Чудовище снова расхохоталось, и священник тотчас во-зобносил свою молитву:

– ...в этого зверя... опустошающего твою ниву. Пусть твоя всемогущая рука освободит от него...

Келлер почувствовал, что сковывавшее его давление несколько ослабло. Монотонное бормотание священника проникало ему в уши и каким-то образом заполняло все его существо.
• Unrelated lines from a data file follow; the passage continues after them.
(* Let $G$ be a connected finite simple graph on $n$ vertices, and let $m$ be the maximum multiplicity of the nonzero eigenvalues of the Laplacian matrix $L_G=D_G-A_G$. Then $\mathrm{mur}(G)\le n-m-1$.
   Context: For a finite simple undirected graph $G$ on vertices $v_1,\dots,v_n$, let $A_G$ be its $(0,1)$-adjacency matrix, $D_G=\mathrm{diag}(d_1,\dots,d_n)$ with $d_i$ the degree of $v_i$, $I$ the $n\times n$ identity matrix and $J$ the $n\times n$ all-ones matrix. A universal adjacency matrix of $G$ is any matrix $\alpha A_G+\beta I+\gamma J+\delta D_G$ with real scalars $\alpha,\beta,\gamma,\delta$ and $\alpha\neq 0$. The minimum universal rank $\mathrm{mur}(G)$ is the minimum rank over all universal adjacency matrices of $G$. *)

theory Defs
  imports "Jordan_Normal_Form.Jordan_Normal_Form" "Jordan_Normal_Form.DL_Rank"
begin

definition simple_graph :: "nat \<Rightarrow> (nat \<Rightarrow> nat \<Rightarrow> bool) \<Rightarrow> bool" where
  "simple_graph n E \<longleftrightarrow>
     (\<forall>i j. E i j \<longrightarrow> i < n \<and> j < n) \<and> (\<forall>i j. E i j \<longrightarrow> E j i) \<and> (\<forall>i. \<not> E i i)"

definition connected_graph :: "nat \<Rightarrow> (nat \<Rightarrow> nat \<Rightarrow> bool) \<Rightarrow> bool" where
  "connected_graph n E \<longleftrightarrow> n \<ge> 1 \<and> (\<forall>i<n. \<forall>j<n. E\<^sup>*\<^sup>* i j)"

definition degree :: "nat \<Rightarrow> (nat \<Rightarrow> nat \<Rightarrow> bool) \<Rightarrow> nat \<Rightarrow> nat" where
  "degree n E i = card {j. j < n \<and> E i j}"

definition adj_mat :: "nat \<Rightarrow> (nat \<Rightarrow> nat \<Rightarrow> bool) \<Rightarrow> real mat" where
  "adj_mat n E = mat n n (\<lambda>(i,j). if E i j then 1 else 0)"

definition deg_mat :: "nat \<Rightarrow> (nat \<Rightarrow> nat \<Rightarrow> bool) \<Rightarrow> real mat" where
  "deg_mat n E = mat n n (\<lambda>(i,j). if i = j then real (degree n E i) else 0)"

definition ones_mat :: "nat \<Rightarrow> real mat" where
  "ones_mat n = mat n n (\<lambda>_. 1)"

definition laplacian :: "nat \<Rightarrow> (nat \<Rightarrow> nat \<Rightarrow> bool) \<Rightarrow> real mat" where
  "laplacian n E = deg_mat n E - adj_mat n E"

definition universal_adj :: "nat \<Rightarrow> (nat \<Rightarrow> nat \<Rightarrow> bool) \<Rightarrow> real \<Rightarrow> real \<Rightarrow> real \<Rightarrow> real \<Rightarrow> real mat" where
  "universal_adj n E \<alpha> \<beta> \<gamma> \<delta> =
     \<alpha> \<cdot>\<^sub>m adj_mat n E + \<beta> \<cdot>\<^sub>m 1\<^sub>m n + \<gamma> \<cdot>\<^sub>m ones_mat n + \<delta> \<cdot>\<^sub>m deg_mat n E"

definition mur :: "nat \<Rightarrow> (nat \<Rightarrow> nat \<Rightarrow> bool) \<Rightarrow> nat" where
  "mur n E = (LEAST r. \<exists>\<alpha> \<beta> \<gamma> \<delta>. \<alpha> \<noteq> 0 \<and> r = vec_space.rank n (universal_adj n E \<alpha> \<beta> \<gamma> \<delta>))"

definition eig_mult :: "real mat \<Rightarrow> real \<Rightarrow> nat" where
  "eig_mult A lam = Polynomial.order lam (char_poly A)"

definition max_nonzero_eig_mult :: "real mat \<Rightarrow> nat" where
  "max_nonzero_eig_mult A = Max {eig_mult A lam | lam. lam \<noteq> 0 \<and> eigenvalue A lam}"

end

theory Submission
  imports Defs
    "Jordan_Normal_Form.Jordan_Normal_Form_Uniqueness"
    "Jordan_Normal_Form.Jordan_Normal_Form_Existence"
    "Jordan_Normal_Form.Spectral_Radius"
begin

(* Let t \<noteq> 0 be a Laplacian eigenvalue of maximal multiplicity m.  Since L is real symmetric,
   m = dim ker (L - t I).  Take the universal adjacency matrix
   U = D - A - t I + (t/n) J = (L - t I) + (t/n) J.  Because L 1 = 0 and L is symmetric, every
   v \<in> ker (L - t I) satisfies t (1 \<bullet> v) = 0, hence J v = 0 and U v = 0; moreover U 1 = 0
   while (L - t I) 1 = - t 1 \<noteq> 0.  So the nullity of U is at least m + 1 and
   mur G \<le> rank U \<le> n - m - 1. *)

lemma rank_plus_kernel_dim:
  fixes U :: "'a::field mat"
  assumes U: "U \<in> carrier_mat nr nc"
  shows "vec_space.rank nr U + kernel_dim U = nc"
proof -
  interpret Vc: vec_space "TYPE('a)" nc .
  interpret Vr: vec_space "TYPE('a)" nr .
  interpret K: kernel nr nc U by (unfold_locales, rule U)
  interpret lm: linear_map class_ring Vc.V Vr.V "(*\<^sub>v) U"
    apply unfold_locales
    unfolding LinearCombinations.module_hom_def Pi_def
    using U by (auto simp: mult_add_distrib_mat_vec mult_mat_vec module_vec_simps)
  have im: "lm.imT = Vr.col_space U"
    unfolding Vr.col_space_eq[OF U] lm.im_def using U by auto
  have ker: "lm.kerT = mat_kernel U"
    unfolding lm.ker_def mat_kernel_def using U by auto
  show ?thesis
    using lm.rank_nullity[OF Vc.fin_dim] Vc.dim_is_n
    unfolding Vr.rank_def Vr.col_space_def[symmetric] im[symmetric] K.kernel_dim ker[symmetric]
    by simp
qed
inductive_set refl_group :: "(real^'n) set \<Rightarrow> (real^'n \<Rightarrow> real^'n) set" for R where
  id: "id \<in> refl_group R"
| step: "a \<in> R \<Longrightarrow> g \<in> refl_group R \<Longrightarrow> refl_along a \<circ> g \<in> refl_group R"

definition multiplicity :: "(real^'n) set \<Rightarrow> (real^'n \<Rightarrow> real) \<Rightarrow> bool" where
  "multiplicity R \<kappa> \<longleftrightarrow> (\<forall>a\<in>R. \<kappa> a \<ge> 0) \<and> (\<forall>g\<in>refl_group R. \<forall>a\<in>R. \<kappa> (g a) = \<kappa> a)"

text \<open>|t|^k with the convention |t|^0 = 1 (Isabelle's powr has 0 powr 0 = 0).\<close>
definition abs_pow :: "real \<Rightarrow> real \<Rightarrow> real" where
  "abs_pow t k = (if k = 0 then 1 else \<bar>t\<bar> powr k)"

definition dunkl_weight :: "(real^'n) set \<Rightarrow> (real^'n \<Rightarrow> real) \<Rightarrow> real^'n \<Rightarrow> real" where
  "dunkl_weight R \<kappa> x = (\<Prod>a\<in>R. abs_pow (a \<bullet> x) (\<kappa> a))"

definition dunkl_measure :: "(real^'n) set \<Rightarrow> (real^'n \<Rightarrow> real) \<Rightarrow> (real^'n) measure" where
  "dunkl_measure R \<kappa> = density lborel (\<lambda>x. ennreal (dunkl_weight R \<kappa> x))"

definition hom_dim :: "(real^'n) set \<Rightarrow> (real^'n \<Rightarrow> real) \<Rightarrow> real" where
  "hom_dim R \<kappa> = real CARD('n) + (\<Sum>a\<in>R. \<kappa> a)"

text \<open>Euclidean (axis-parallel) cubes; taken open, which does not affect the maximal function
  since boundaries are omega-null.\<close>
definition is_cube :: "(real^'n) set \<Rightarrow> bool" where
  "is_cube Q \<longleftrightarrow> (\<exists>c r. r > 0 \<and> Q = {x. \<forall>i. \<bar>x $ i - c $ i\<bar> < r})"
(* Let $U\subset\mathbb{R}^m$ be open and connected and let $\phi=(\phi^1,\dots,\phi^n):U\to\mathbb{R}^n$ be a smooth horizontally weakly conformal map. Let $\Phi:U\times\mathbb{R}^m\to\mathbb{R}^n$, $\Phi^k(x,y)=\sum_{i=1}^m\frac{\partial\phi^k}{\partial x_i}(x)\,y_i$, be its complete lift. Then $\Phi$ is horizontally weakly conformal if and only if, at every $x\in U$, for all $\alpha,\beta\in\{1,\dots,n\}$, $$(\operatorname{hess}\phi^\alpha)^2=(\operatorname{hess}\phi^\beta)^2,$$ and for all $\alpha\neq\beta$, $$(\operatorname{hess}\phi^\alpha)(\operatorname{hess}\phi^\beta)=-(\operatorname{hess}\phi^\beta)(\operatorname{hess}\phi^\alpha),$$ where $\operatorname{hess}\phi^\alpha$ denotes the $m\times m$ Hessian matrix $\big(\frac{\partial^2\phi^\alpha}{\partial x_i\partial x_j}\big)$.
   Context: A smooth map $\psi=(\psi^1,\dots,\psi^n)$ from an open subset of $\mathbb{R}^N$ to $\mathbb{R}^n$ is horizontally weakly conformal if there is a function $\lambda$ with $\sum_{i=1}^N\frac{\partial\psi^k}{\partial x_i}\frac{\partial\psi^l}{\partial x_i}=\lambda^2\delta_{kl}$ for all $k,l=1,\dots,n$ at every point. For $\Phi$ the coordinates are $(x_1,\dots,x_m,y_1,\dots,y_m)$. *)

theory Defs
  imports "HOL-Analysis.Analysis"
begin

definition pderiv_dir :: "('a::euclidean_space \<Rightarrow> real) \<Rightarrow> 'a \<Rightarrow> 'a \<Rightarrow> real" where
  "pderiv_dir f b x = frechet_derivative f (at x) b"

fun Ck_on :: "nat \<Rightarrow> 'a::euclidean_space set \<Rightarrow> ('a \<Rightarrow> real) \<Rightarrow> bool" where
  "Ck_on 0 S f = continuous_on S f"
| "Ck_on (Suc k) S f = (f differentiable_on S \<and> (\<forall>b\<in>Basis. Ck_on k S (pderiv_dir f b)))"

definition smooth_on :: "'a::euclidean_space set \<Rightarrow> ('a \<Rightarrow> real ^ 'n) \<Rightarrow> bool" where
  "smooth_on S f \<longleftrightarrow> (\<forall>k. \<forall>c. Ck_on k S (\<lambda>x. f x $ c))"

definition horiz_weakly_conformal :: "'a::euclidean_space set \<Rightarrow> ('a \<Rightarrow> real ^ 'n) \<Rightarrow> bool" where
  "horiz_weakly_conformal S \<psi> \<longleftrightarrow>
     (\<exists>lam::'a \<Rightarrow> real. \<forall>x\<in>S. \<forall>k l.
        (\<Sum>b\<in>Basis. pderiv_dir (\<lambda>z. \<psi> z $ k) b x * pderiv_dir (\<lambda>z. \<psi> z $ l) b x)
          = (lam x)\<^sup>2 * (if k = l then 1 else 0))"

definition hess :: "(real ^ 'm \<Rightarrow> real) \<Rightarrow> real ^ 'm \<Rightarrow> real ^ 'm ^ 'm" where
  "hess f x = (\<chi> i j. pderiv_dir (pderiv_dir f (axis j 1)) (axis i 1) x)"

definition complete_lift :: "(real ^ 'm \<Rightarrow> real ^ 'n) \<Rightarrow> (real ^ 'm) \<times> (real ^ 'm) \<Rightarrow> real ^ 'n" where
  "complete_lift \<phi> = (\<lambda>(x, y). \<chi> k. \<Sum>i\<in>UNIV. pderiv_dir (\<lambda>z. \<phi> z $ k) (axis i 1) x * y $ i)"

end

theory Submission
  imports Defs
begin

(* At (x, y) the differential of the k-th component of the complete lift is
   (hess phi^k x *v y, grad phi^k x).  Hessians of C^2 functions are symmetric (Schwarz), so
     sum_b d_b Phi^k * d_b Phi^l = y . (H_k H_l y) + lambda(x)^2 delta_kl.
   Hence Phi is horizontally weakly conformal iff, pointwise, the quadratic form of H_k H_l
   vanishes for k ~= l, i.e. H_k H_l is skew, i.e. H_k H_l = - H_l H_k, and the quadratic
   forms of the symmetric matrices H_k^2 all coincide, i.e. H_k^2 = H_l^2. *)

lemma has_derivative_pderiv_dir_along_line:
  fixes f :: "'a::euclidean_space \<Rightarrow> real"
  assumes "f differentiable at (q + s *\<^sub>R u)"
  shows "((\<lambda>s. f (q + s *\<^sub>R u)) has_derivative (\<lambda>d. d * pderiv_dir f u (q + s *\<^sub>R u))) (at s within S)"
proof -
  have line: "((\<lambda>s. q + s *\<^sub>R u) has_derivative (\<lambda>d. d *\<^sub>R u)) (at s within S)"
    by (auto intro!: derivative_eq_intros)
  have f': "(f has_derivative frechet_derivative f (at (q + s *\<^sub>R u))) (at (q + s *\<^sub>R u))"
    using assms frechet_derivative_works by blast
  have "((f \<circ> (\<lambda>s. q + s *\<^sub>R u)) has_derivative
      (frechet_derivative f (at (q + s *\<^sub>R u)) \<circ> (\<lambda>d. d *\<^sub>R u))) (at s within S)"
    by (rule diff_chain_within[OF line has_derivative_at_withinI[OF f']])
  moreover have "linear (frechet_derivative f (at (q + s *\<^sub>R u)))"
    using f' has_derivative_linear by blast
  ultimately show ?thesis
    by (simp add: o_def pderiv_dir_def linear_scale)
qed

lemma second_difference_mean_value:
  fixes f :: "'a::euclidean_space \<Rightarrow> real"
  assumes h: "0 < h" and U: "open U"
    and f: "f differentiable_on U" and fu: "pderiv_dir f u differentiable_on U"
    and in_U: "\<And>s t. s \<in> {0..h} \<Longrightarrow> t \<in> {0..h} \<Longrightarrow> x + s *\<^sub>R u + t *\<^sub>R v \<in> U"
  obtains s t where "s \<in> {0..h}" "t \<in> {0..h}"
    "f (x + h *\<^sub>R u + h *\<^sub>R v) - f (x + h *\<^sub>R u) - f (x + h *\<^sub>R v) + f x
       = h * h * pderiv_dir (pderiv_dir f u) v (x + s *\<^sub>R u + t *\<^sub>R v)"
proof -
  have diff_at: "g differentiable at z" if "g differentiable_on U" "z \<in> U" for g :: "'a \<Rightarrow> real" and z
    using that U by (simp add: differentiable_on_eq_differentiable_at)
  define G where "G s = f (x + h *\<^sub>R v + s *\<^sub>R u) - f (x + s *\<^sub>R u)" for s
  have "\<exists>s\<in>{0<..<h}. G h - G 0 = (\<lambda>d. d * pderiv_dir f u (x + h *\<^sub>R v + s *\<^sub>R u)
                                       - d * pderiv_dir f u (x + s *\<^sub>R u)) (h - 0)"
    unfolding G_def
  proof (rule mvt_simple[OF h])
    fix s assume "0 \<le> s" "s \<le> h"
    then have mem: "x + h *\<^sub>R v + s *\<^sub>R u \<in> U" "x + s *\<^sub>R u \<in> U"
      using in_U[of s h] in_U[of s 0] h by (simp_all add: add_ac)
    show "((\<lambda>s. f (x + h *\<^sub>R v + s *\<^sub>R u) - f (x + s *\<^sub>R u)) has_derivative
        (\<lambda>d. d * pderiv_dir f u (x + h *\<^sub>R v + s *\<^sub>R u) - d * pderiv_dir f u (x + s *\<^sub>R u))) (at s within {0..h})"
      by (intro has_derivative_diff has_derivative_pderiv_dir_along_line diff_at[OF f] mem)
  qed
  then obtain s where s: "s \<in> {0<..<h}" and
    G_diff: "G h - G 0 = h * (pderiv_dir f u (x + s *\<^sub>R u + h *\<^sub>R v) - pderiv_dir f u (x + s *\<^sub>R u + 0 *\<^sub>R v))"
    by (auto simp: algebra_simps)
  have "\<exists>t\<in>{0<..<h}. pderiv_dir f u (x + s *\<^sub>R u + h *\<^sub>R v) - pderiv_dir f u (x + s *\<^sub>R u + 0 *\<^sub>R v)
     = (\<lambda>d. d * pderiv_dir (pderiv_dir f u) v (x + s *\<^sub>R u + t *\<^sub>R v)) (h - 0)"
  proof (rule mvt_simple[OF h])
    fix t assume "0 \<le> t" "t \<le> h"
    then have mem: "x + s *\<^sub>R u + t *\<^sub>R v \<in> U" using in_U s by simp
    show "((\<lambda>t. pderiv_dir f u (x + s *\<^sub>R u + t *\<^sub>R v)) has_derivative
        (\<lambda>d. d * pderiv_dir (pderiv_dir f u) v (x + s *\<^sub>R u + t *\<^sub>R v))) (at t within {0..h})"
      by (intro has_derivative_pderiv_dir_along_line diff_at[OF fu] mem)
  qed
  then obtain t where t: "t \<in> {0<..<h}" and
    fu_diff: "pderiv_dir f u (x + s *\<^sub>R u + h *\<^sub>R v) - pderiv_dir f u (x + s *\<^sub>R u + 0 *\<^sub>R v)
       = h * pderiv_dir (pderiv_dir f u) v (x + s *\<^sub>R u + t *\<^sub>R v)"
    by auto
  have "f (x + h *\<^sub>R u + h *\<^sub>R v) - f (x + h *\<^sub>R u) - f (x + h *\<^sub>R v) + f x = G h - G 0"
    by (simp add: G_def add_ac)
  also have "\<dots> = h * h * pderiv_dir (pderiv_dir f u) v (x + s *\<^sub>R u + t *\<^sub>R v)"
    using G_diff fu_diff by simp
  finally show ?thesis
    using s t that[of s t] by simp
qed
(* Let $\mathcal{R}$ be a finite valuation ring of order $q^r$, where $q$ is a power of an odd prime. For every constant $c>0$ there is a constant $C>0$ depending only on $c$ such that: for every $\mathcal{A}\subset\mathcal{R}$ with $|\mathcal{A}|\ge 2q^{r-1}$ and $|\mathcal{A}+\mathcal{A}|\,|\mathcal{A}|^2\ge c\,q^{3r-1}$, \[\max\{|\mathcal{A}+\mathcal{A}|,\ |\mathcal{A}^2+\mathcal{A}^2|\}\ \ge\ C\,q^{r/3}|\mathcal{A}|^{2/3}.\]
   Context: A finite valuation ring is a finite, local, principal commutative ring with identity. Its unique maximal ideal is $(z)$ for a uniformizer $z$; the residue field $\mathcal{R}/(z)$ has $q$ elements; $r$ is the smallest positive integer with $z^r=0$; then $|\mathcal{R}|=q^r$ and $|(z)|=q^{r-1}$. For $\mathcal{A}\subset\mathcal{R}$: $\mathcal{A}+\mathcal{A}=\{a+b: a,b\in\mathcal{A}\}$, $\mathcal{A}^2=\{x^2: x\in\mathcal{A}\}$, and $\mathcal{A}^2+\mathcal{A}^2=\{u+v: u,v\in\mathcal{A}^2\}$. *)

theory Defs
  imports "HOL-Algebra.Algebra" "HOL-Computational_Algebra.Primes"
begin

definition finite_valuation_ring :: "('a, 'b) ring_scheme \<Rightarrow> bool" where
  "finite_valuation_ring R \<longleftrightarrow>
     cring R \<and> finite (carrier R) \<and>
     (\<exists>!M. maximalideal M R) \<and>
     (\<forall>I. ideal I R \<longrightarrow> principalideal I R)"

definition ring_sumset :: "('a, 'b) ring_scheme \<Rightarrow> 'a set \<Rightarrow> 'a set" where
  "ring_sumset R A = {a \<oplus>\<^bsub>R\<^esub> b | a b. a \<in> A \<and> b \<in> A}"

definition ring_squares :: "('a, 'b) ring_scheme \<Rightarrow> 'a set \<Rightarrow> 'a set" where
  "ring_squares R A = (\<lambda>x. x \<otimes>\<^bsub>R\<^esub> x) ` A"

end

theory Submission
  imports Defs "HOL-Analysis.Convex"
begin

text \<open>
  Count incidences between P = (A + A) \<times> (A^2 + A^2) and the parabolas y = x^2 + m x + b over R.
  Two points whose abscissae differ by a unit lie on at most one common parabola, and on a given
  parabola a point has at most |M| companions whose abscissa is congruent to its own modulo the
  maximal ideal M. A second moment computation therefore shows that a family L of parabolas, each
  containing at least \<alpha> points of P, satisfies |R| \<alpha> \<le> 2 |P| or |L| \<alpha>^2 \<le> 4 |P| |R| |M|.
  The parabolas y = (x - a)^2 + c^2 with a \<in> A and c \<in> A a unit each contain the |A| points
  (a + b, b^2 + c^2), b \<in> A, and since 2 is a unit and |A| \<ge> 2 |M| there are at least |A|^2 / 4
  of them. With |R| = q^r, |M| = q^(r-1) and the hypothesis on |A + A| |A|^2, either alternative
  gives max (|A + A|, |A^2 + A^2|)^3 \<ge> |A + A|^2 |A^2 + A^2| \<ge> min (1/2, c/16) q^r |A|^2.
\<close>

section \<open>Counting\<close>

lemma card_eq_sum_card_fibres:
  assumes "finite S"
  shows "card S = (\<Sum>y\<in>f ` S. card {x \<in> S. f x = y})"
  using sum.image_gen[OF assms, of "\<lambda>_. 1::nat" f] by (simp only: card_eq_sum[symmetric])
(* For $a\in\mathbb{C}_+$ and $f\in\mathcal{B}$ let $(T_{\mathcal{B}}(a)f)(z)=f(z+a)$, $z\in\mathbb{C}_+$. Then $(T_{\mathcal{B}}(a))_{a\in\mathbb{C}_+}$ is a holomorphic $C_0$-semigroup of contractions on $\mathcal{B}$.
   Context: $\mathbb{C}_+=\{z:\Re z>0\}$. $\mathcal{B}$ is the space of holomorphic $f:\mathbb{C}_+\to\mathbb{C}$ with $\|f\|_{\mathcal{B}_0}:=\int_0^\infty\sup_{y\in\mathbb{R}}|f'(x+iy)|\,dx<\infty$, normed by $\|f\|_{\mathcal{B}}=\sup_{z\in\mathbb{C}_+}|f(z)|+\|f\|_{\mathcal{B}_0}$ (a Banach algebra). *)

theory Defs
  imports "HOL-Analysis.Analysis"
begin

definition C_plus :: "complex set" where
  "C_plus = {z. Re z > 0}"

definition B0_norm :: "(complex \<Rightarrow> complex) \<Rightarrow> ennreal" where
  "B0_norm f = (\<integral>\<^sup>+ x \<in> {0<..}. (SUP y. ennreal (cmod (deriv f (Complex x y)))) \<partial>lborel)"

text \<open>The space B: holomorphic functions on C_plus with finite B0-seminorm.
  Functions are total in HOL; only their values on C_plus matter.\<close>
definition B_space :: "(complex \<Rightarrow> complex) set" where
  "B_space = {f. f holomorphic_on C_plus \<and> B0_norm f < \<infinity>}"

definition B_norm :: "(complex \<Rightarrow> complex) \<Rightarrow> ennreal" where
  "B_norm f = (SUP z \<in> C_plus. ennreal (cmod (f z))) + B0_norm f"

definition B_opnorm :: "((complex \<Rightarrow> complex) \<Rightarrow> (complex \<Rightarrow> complex)) \<Rightarrow> ennreal" where
  "B_opnorm A = (SUP f \<in> {f \<in> B_space. B_norm f \<le> 1}. B_norm (A f))"

definition sector :: "real \<Rightarrow> complex set" where
  "sector \<psi> = {z. z \<noteq> 0 \<and> \<bar>Arg z\<bar> < \<psi>}"

definition T_B :: "complex \<Rightarrow> (complex \<Rightarrow> complex) \<Rightarrow> (complex \<Rightarrow> complex)" where
  "T_B a f = (\<lambda>z. f (z + a))"

text \<open>A family (T a), a in C_plus, of operators on B is a holomorphic C0-semigroup of
  contractions (on the sector C_plus of angle pi/2) if:
  each T a is a linear map B -> B; T(a+b) = T(a)T(b); ||T a|| <= 1;
  a |-> T a is holomorphic in operator norm on C_plus; and T a f -> f as a -> 0
  within every proper subsector (standard definition, e.g. Arendt-Batty-Hieber-Neubrander 3.7.1).
  Elements of B are identified when they agree on C_plus.\<close>
definition hol_C0_contraction_semigroup_B ::
  "(complex \<Rightarrow> (complex \<Rightarrow> complex) \<Rightarrow> (complex \<Rightarrow> complex)) \<Rightarrow> bool" where
  "hol_C0_contraction_semigroup_B T \<longleftrightarrow>
     (\<forall>a \<in> C_plus. \<forall>f \<in> B_space. T a f \<in> B_space) \<and>
     (\<forall>a \<in> C_plus. \<forall>f \<in> B_space. \<forall>g \<in> B_space. \<forall>c. \<forall>z \<in> C_plus.
        T a (\<lambda>w. c * f w + g w) z = c * T a f z + T a g z) \<and>
     (\<forall>a \<in> C_plus. \<forall>f \<in> B_space. \<forall>g \<in> B_space. (\<forall>z \<in> C_plus. f z = g z) \<longrightarrow>
        (\<forall>z \<in> C_plus. T a f z = T a g z)) \<and>
     (\<forall>a \<in> C_plus. \<forall>b \<in> C_plus. \<forall>f \<in> B_space. \<forall>z \<in> C_plus.
        T (a + b) f z = T a (T b f) z) \<and>
     (\<forall>a \<in> C_plus. \<forall>f \<in> B_space. B_norm (T a f) \<le> B_norm f) \<and>
     (\<forall>a0 \<in> C_plus. \<exists>D. (\<forall>f \<in> B_space. D f \<in> B_space) \<and>
        ((\<lambda>a. B_opnorm (\<lambda>f z. (T a f z - T a0 f z) / (a - a0) - D f z)) \<longlongrightarrow> 0)
          (at a0 within C_plus)) \<and>
     (\<forall>\<psi>. 0 < \<psi> \<and> \<psi> < pi / 2 \<longrightarrow> (\<forall>f \<in> B_space.
        ((\<lambda>a. B_norm (\<lambda>z. T a f z - f z)) \<longlongrightarrow> 0) (at 0 within sector \<psi>)))"

end

theory Submission
  imports Defs "HOL-Complex_Analysis.Complex_Analysis"
begin

text \<open>
  Let G(x) be the supremum of |f'| on the vertical line Re z = x, so that the B0-seminorm of f
  is the integral of G over (0, \<infinity>). Being integrable, G is finite at points arbitrarily close
  to the imaginary axis, so f and f' grow at most linearly on every half-plane Re z \<ge> c > 0,
  and a Phragmen-Lindelof argument shows that G is nonincreasing. Contractivity of the
  translations follows at once. Cauchy's estimates bound the higher derivatives on Re z \<ge> x + r
  by multiples of G(x) / r^n; this makes the difference quotient of a \<mapsto> T(a), minus the
  translate of f', of B-norm O(|a - a0|) uniformly on the unit ball. For a in a sector
  |Arg a| < \<psi> < pi/2 we have |a| \<le> Re a / cos \<psi>, and the B-norm of f(_ + a) - f is bounded by
  integrals of G over intervals (0, \<epsilon>] with \<epsilon> \<rightarrow> 0 plus sqrt |a| times the B0-seminorm of f.
\<close>

section \<open>Holomorphic functions on the right half-plane\<close>

lemma mem_C_plus [simp]: "z \<in> C_plus \<longleftrightarrow> 0 < Re z"
  by (simp add: C_plus_def)

lemma open_C_plus: "open C_plus"
  by (simp add: C_plus_def open_halfspace_Re_gt)

lemma has_field_derivative_C_plus:
  assumes "f holomorphic_on C_plus" "0 < Re z"
  shows "(f has_field_derivative deriv f z) (at z)"
  using assms open_C_plus holomorphic_derivI by fastforce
Он почувствовал, что погружается, падает в бездонную пустоту, в которой его ждет нечто круглое и белое. По мере того, как он опускался ниже, приближаясь к нему, он увидел два темных, холодных глаза, притягивающих его, и похожие на розовые лепестки губы, растянутые в насмешливой улыбке. Он почувствовал, как чьи-то руки сжали его горло, и ему стало трудно дышать. Он увидел длинный змеящийся шрам и коричневое обожженное пластмассовое лицо куклы. Лицо куклы! Он вспомнил маленькую девочку, которую он видел при посадке в самолет, с маленькой пластмассовой куклой в руках. Он вспомнил ее!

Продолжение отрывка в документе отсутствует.